(* Let $(R,pR)$ be a discrete valuation domain with valuation $\mathsf{v}$ and finite residue field. Let $f\in R[x]$ be a primitive, non-constant polynomial with $n:=\mathsf{v}(\operatorname{d}(f))\in\mathbb{N}$ (so $n\ge1$), and assume that $f$ is not a proper power of another polynomial in $R[x]$ (i.e. $f$ is not associated to $h^k$ for any $h\in R[x]$ and integer $k\ge 2$). Then $\frac{f}{p^n}$ is absolutely irreducible in $\operatorname{Int}(R)$ if and only if $\operatorname{fdk}(f)=\mathbf{0}$.
   Context: $(R,pR)$ is a discrete valuation domain with valuation $\mathsf{v}$, finite residue field, and quotient field $K$. $\operatorname{Int}(R)=\{F\in K[x]\mid F(R)\subseteq R\}$. For $f\in R[x]$, $\operatorname{d}(f)=\gcd(f(a)\mid a\in R)$, so $\mathsf{v}(\operatorname{d}(f))=\min_{a\in R}\mathsf{v}(f(a))$. Primitive means the coefficients generate $R$. An irreducible divisor set $\mathcal{P}$ of $f$ is a set of representatives of the associate classes of irreducible divisors of $f$ in $R[x]$. $\mathcal{W}(f)=\{a\in R\mid \mathsf{v}(f(a))=\mathsf{v}(\operatorname{d}(f))\}$, and $$\operatorname{fdk}(f)=\Big\{(u_g)_{g\in\mathcal{P}}\in\mathbb{Q}^{\mathcal{P}}\ \Big|\ \forall a\in\mathcal{W}(f):\ \textstyle\sum_{g\in\mathcal{P}}u_g\,\mathsf{v}(g(a))=0\Big\}$$ (whether it is zero does not depend on the choice of $\mathcal{P}$). An irreducible element $r$ of a commutative ring is absolutely irreducible if for every $k\in\mathbb{N}$ every factorization of $r^k$ into irreducibles is essentially the same as $r\cdots r$ (same number of factors, pairwise associated after reindexing). *)

theory Defs
  imports "HOL-Computational_Algebra.Computational_Algebra"
begin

Task objective | Taking the listing as a whole, count how many of its lines contain the word "irreducible", and reply with that count alone.

Written response | 2